== What is needed ==
Find every line in the data that contains the word "cases". Return each of those lines.

⁂

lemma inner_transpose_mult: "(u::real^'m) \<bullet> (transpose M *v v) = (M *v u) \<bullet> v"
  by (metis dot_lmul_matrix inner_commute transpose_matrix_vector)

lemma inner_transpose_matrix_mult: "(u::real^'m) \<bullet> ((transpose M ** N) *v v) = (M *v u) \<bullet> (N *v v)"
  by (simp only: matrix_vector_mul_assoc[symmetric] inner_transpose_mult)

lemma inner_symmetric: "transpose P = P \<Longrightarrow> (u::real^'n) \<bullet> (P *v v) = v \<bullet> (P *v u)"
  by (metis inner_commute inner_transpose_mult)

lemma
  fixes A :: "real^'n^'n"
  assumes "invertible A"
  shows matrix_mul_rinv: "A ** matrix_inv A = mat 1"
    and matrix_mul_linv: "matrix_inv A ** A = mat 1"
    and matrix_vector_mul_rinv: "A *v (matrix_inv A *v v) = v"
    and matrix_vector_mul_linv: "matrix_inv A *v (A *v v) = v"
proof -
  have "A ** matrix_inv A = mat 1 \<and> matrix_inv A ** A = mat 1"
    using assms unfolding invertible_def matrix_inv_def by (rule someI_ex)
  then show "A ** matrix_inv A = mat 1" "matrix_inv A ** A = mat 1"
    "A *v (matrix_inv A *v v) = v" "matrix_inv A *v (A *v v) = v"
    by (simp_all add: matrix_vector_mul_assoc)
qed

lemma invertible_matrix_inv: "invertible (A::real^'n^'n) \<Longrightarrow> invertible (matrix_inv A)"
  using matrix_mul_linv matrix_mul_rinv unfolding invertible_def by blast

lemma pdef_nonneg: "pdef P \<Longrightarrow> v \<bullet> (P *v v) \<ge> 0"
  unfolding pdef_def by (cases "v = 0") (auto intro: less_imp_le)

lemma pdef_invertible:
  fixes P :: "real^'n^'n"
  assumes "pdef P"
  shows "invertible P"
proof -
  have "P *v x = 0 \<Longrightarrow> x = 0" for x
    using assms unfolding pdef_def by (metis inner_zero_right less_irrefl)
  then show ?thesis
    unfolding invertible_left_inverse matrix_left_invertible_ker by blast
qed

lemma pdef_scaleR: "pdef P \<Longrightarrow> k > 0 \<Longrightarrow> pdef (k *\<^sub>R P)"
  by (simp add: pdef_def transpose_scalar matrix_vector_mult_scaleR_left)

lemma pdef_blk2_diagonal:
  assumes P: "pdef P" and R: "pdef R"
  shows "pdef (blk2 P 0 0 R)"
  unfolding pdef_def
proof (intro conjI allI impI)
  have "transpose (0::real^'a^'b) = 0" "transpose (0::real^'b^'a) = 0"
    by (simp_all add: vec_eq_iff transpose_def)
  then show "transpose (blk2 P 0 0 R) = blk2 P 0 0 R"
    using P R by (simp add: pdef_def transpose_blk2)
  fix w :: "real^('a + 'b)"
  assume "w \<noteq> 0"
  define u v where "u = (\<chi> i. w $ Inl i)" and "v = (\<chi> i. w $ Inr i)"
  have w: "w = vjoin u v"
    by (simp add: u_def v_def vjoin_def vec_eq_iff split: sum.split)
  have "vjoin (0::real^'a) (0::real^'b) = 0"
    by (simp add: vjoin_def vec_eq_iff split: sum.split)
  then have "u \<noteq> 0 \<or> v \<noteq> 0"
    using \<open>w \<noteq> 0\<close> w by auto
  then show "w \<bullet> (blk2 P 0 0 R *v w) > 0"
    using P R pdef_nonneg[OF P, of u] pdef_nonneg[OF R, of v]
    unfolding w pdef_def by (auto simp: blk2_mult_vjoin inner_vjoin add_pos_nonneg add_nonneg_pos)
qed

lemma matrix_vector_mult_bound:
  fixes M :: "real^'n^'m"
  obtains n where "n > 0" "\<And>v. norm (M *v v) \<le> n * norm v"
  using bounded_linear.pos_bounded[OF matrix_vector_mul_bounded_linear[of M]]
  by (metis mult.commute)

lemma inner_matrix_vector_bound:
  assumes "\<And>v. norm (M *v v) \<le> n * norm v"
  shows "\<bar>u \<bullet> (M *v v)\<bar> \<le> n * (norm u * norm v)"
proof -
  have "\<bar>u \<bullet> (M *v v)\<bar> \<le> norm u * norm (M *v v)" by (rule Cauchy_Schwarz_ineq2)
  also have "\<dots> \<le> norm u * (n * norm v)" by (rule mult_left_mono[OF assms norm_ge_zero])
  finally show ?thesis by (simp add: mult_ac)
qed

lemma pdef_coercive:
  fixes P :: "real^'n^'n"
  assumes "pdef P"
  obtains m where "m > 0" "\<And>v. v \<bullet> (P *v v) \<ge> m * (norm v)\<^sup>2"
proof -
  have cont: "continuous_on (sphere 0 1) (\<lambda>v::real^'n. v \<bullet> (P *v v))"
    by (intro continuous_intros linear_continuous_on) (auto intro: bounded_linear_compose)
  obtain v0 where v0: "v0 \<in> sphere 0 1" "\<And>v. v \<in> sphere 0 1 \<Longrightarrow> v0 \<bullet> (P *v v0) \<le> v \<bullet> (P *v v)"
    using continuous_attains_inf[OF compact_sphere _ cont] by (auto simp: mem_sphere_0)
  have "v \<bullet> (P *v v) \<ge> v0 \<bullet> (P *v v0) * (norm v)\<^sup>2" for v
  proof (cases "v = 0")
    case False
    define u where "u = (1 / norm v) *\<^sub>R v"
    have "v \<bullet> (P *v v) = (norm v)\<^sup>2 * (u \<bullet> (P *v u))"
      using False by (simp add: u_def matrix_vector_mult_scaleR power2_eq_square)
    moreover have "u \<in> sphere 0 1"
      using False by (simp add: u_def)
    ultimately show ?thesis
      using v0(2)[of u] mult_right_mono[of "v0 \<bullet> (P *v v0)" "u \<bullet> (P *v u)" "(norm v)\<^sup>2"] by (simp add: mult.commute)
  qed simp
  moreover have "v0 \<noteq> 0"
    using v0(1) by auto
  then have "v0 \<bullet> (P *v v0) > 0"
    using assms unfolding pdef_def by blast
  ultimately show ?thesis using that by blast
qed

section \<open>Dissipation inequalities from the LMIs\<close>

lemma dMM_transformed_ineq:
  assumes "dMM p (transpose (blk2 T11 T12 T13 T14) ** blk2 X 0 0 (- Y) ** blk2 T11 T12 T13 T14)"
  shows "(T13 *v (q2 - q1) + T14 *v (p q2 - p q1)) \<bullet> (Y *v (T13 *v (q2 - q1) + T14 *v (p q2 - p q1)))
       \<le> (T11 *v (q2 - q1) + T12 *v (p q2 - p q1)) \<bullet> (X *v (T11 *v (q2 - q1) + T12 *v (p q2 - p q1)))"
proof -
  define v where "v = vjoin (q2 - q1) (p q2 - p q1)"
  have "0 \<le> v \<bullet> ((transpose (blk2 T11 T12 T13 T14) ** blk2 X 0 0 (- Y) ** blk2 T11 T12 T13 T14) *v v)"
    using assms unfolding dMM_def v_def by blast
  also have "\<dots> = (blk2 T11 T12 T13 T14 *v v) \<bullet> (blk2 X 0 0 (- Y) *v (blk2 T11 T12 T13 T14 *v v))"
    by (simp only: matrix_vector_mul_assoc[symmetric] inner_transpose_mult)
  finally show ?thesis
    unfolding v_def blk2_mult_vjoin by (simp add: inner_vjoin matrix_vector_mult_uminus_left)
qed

⁂

== Exercise solution ==
  unfolding pdef_def by (cases "v = 0") (auto intro: less_imp_le)
  proof (cases "v = 0")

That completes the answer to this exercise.